» TASK PROMPT
When you reach the line containing "S \<Longrightarrow> f" in the data below, reproduce it and every line that follows, exactly and without additions.

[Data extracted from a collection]
lemma k_coloring_restrict_comp:
  assumes col: "k_coloring k (power_verts \<Lambda> V) (power_edges \<Lambda> E) \<Phi>" and q: "q ` \<Lambda> \<subseteq> S"
  shows "k_coloring k (power_verts S V) (power_edges S E) (\<lambda>w. \<Phi> (\<lambda>\<alpha>\<in>\<Lambda>. w (q \<alpha>)))"
proof -
  have "power_edges \<Lambda> E (\<lambda>\<alpha>\<in>\<Lambda>. u (q \<alpha>)) (\<lambda>\<alpha>\<in>\<Lambda>. w (q \<alpha>))"
    if "power_edges S E u w" for u w
    using that q unfolding power_edges_def by auto
  then show ?thesis
    using col restrict_comp_in_power_verts[OF _ q]
    unfolding k_coloring_def proper_coloring_def by blast
qed

lemma k_coloring_diagonal:
  assumes "k_coloring k (power_verts \<Lambda> V) (power_edges \<Lambda> E) \<Phi>"
  shows "k_coloring k V E (\<lambda>x. \<Phi> (\<lambda>\<alpha>\<in>\<Lambda>. x))"
proof -
  have "(\<lambda>\<alpha>\<in>\<Lambda>. x) \<in> power_verts \<Lambda> V" if "x \<in> V" for x
    using that unfolding power_verts_def by auto
  moreover have "power_edges \<Lambda> E (\<lambda>\<alpha>\<in>\<Lambda>. x) (\<lambda>\<alpha>\<in>\<Lambda>. y)" if "E x y" for x y
    using that unfolding power_edges_def by auto
  ultimately show ?thesis
    using assms unfolding k_coloring_def proper_coloring_def by blast
qed

lemma trivial_coloring_finite_power:
  assumes tpc: "trivially_power_colorable V E" and S: "finite S" "S \<noteq> {}"
    and col: "k_coloring (chromatic_number V E) (power_verts S V) (power_edges S E) \<Psi>"
  shows "trivial_coloring S V E \<Psi>"
proof -
  define n where "n = card S"
  obtain f where f: "bij_betw f {1..n} S"
    using ex_bij_betw_nat_finite_1[OF S(1)] unfolding n_def by blast
  define g where "g = inv_into {1..n} f"
  have g: "g ` S \<subseteq> {1..n}" and fg: "\<And>s. s \<in> S \<Longrightarrow> f (g s) = s"
    using f unfolding g_def by (auto simp: bij_betw_def inv_into_into f_inv_into_f)
  have "n \<ge> 1"
    using S unfolding n_def by (simp add: Suc_le_eq card_gt_0_iff)
  then have "trivial_coloring {1..n} V E (\<lambda>w. \<Psi> (\<lambda>s\<in>S. w (g s)))"
    using tpc k_coloring_restrict_comp[OF col g] unfolding trivially_power_colorable_def by blast
  then obtain i \<phi> where i: "i \<in> {1..n}" and \<phi>: "proper_coloring V E \<phi>"
    and triv: "\<forall>w\<in>power_verts {1..n} V. \<Psi> (\<lambda>s\<in>S. w (g s)) = \<phi> (w i)"
    unfolding trivial_coloring_def by blast
  have "\<Psi> u = \<phi> (u (f i))" if u: "u \<in> power_verts S V" for u
  proof -
    define w where "w = (\<lambda>j\<in>{1..n}. u (f j))"
    have w: "w \<in> power_verts {1..n} V"
      unfolding w_def using restrict_comp_in_power_verts[OF u] bij_betw_imp_surj_on[OF f] by blast
    have "(\<lambda>s\<in>S. w (g s)) = restrict u S"
      unfolding w_def using g fg by (intro restrict_ext) auto
    also have "\<dots> = u"
      using u unfolding power_verts_def by simp
    finally have "\<Psi> u = \<phi> (w i)"
      using triv w by metis
    then show ?thesis
      using i unfolding w_def by simp
  qed
  moreover have "f i \<in> S"
    using f i by (meson bij_betwE)
  ultimately show ?thesis
    using \<phi> unfolding trivial_coloring_def by blast
qed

» RESPONSE BOX
  have g: "g ` S \<subseteq> {1..n}" and fg: "\<And>s. s \<in> S \<Longrightarrow> f (g s) = s"
    using f unfolding g_def by (auto simp: bij_betw_def inv_into_into f_inv_into_f)
  have "n \<ge> 1"
    using S unfolding n_def by (simp add: Suc_le_eq card_gt_0_iff)
  then have "trivial_coloring {1..n} V E (\<lambda>w. \<Psi> (\<lambda>s\<in>S. w (g s)))"
    using tpc k_coloring_restrict_comp[OF col g] unfolding trivially_power_colorable_def by blast
  then obtain i \<phi> where i: "i \<in> {1..n}" and \<phi>: "proper_coloring V E \<phi>"
    and triv: "\<forall>w\<in>power_verts {1..n} V. \<Psi> (\<lambda>s\<in>S. w (g s)) = \<phi> (w i)"
    unfolding trivial_coloring_def by blast
  have "\<Psi> u = \<phi> (u (f i))" if u: "u \<in> power_verts S V" for u
  proof -
    define w where "w = (\<lambda>j\<in>{1..n}. u (f j))"
    have w: "w \<in> power_verts {1..n} V"
      unfolding w_def using restrict_comp_in_power_verts[OF u] bij_betw_imp_surj_on[OF f] by blast
    have "(\<lambda>s\<in>S. w (g s)) = restrict u S"
      unfolding w_def using g fg by (intro restrict_ext) auto
    also have "\<dots> = u"
      using u unfolding power_verts_def by simp
    finally have "\<Psi> u = \<phi> (w i)"
      using triv w by metis
    then show ?thesis
      using i unfolding w_def by simp
  qed
  moreover have "f i \<in> S"
    using f i by (meson bij_betwE)
  ultimately show ?thesis
    using \<phi> unfolding trivial_coloring_def by blast
qed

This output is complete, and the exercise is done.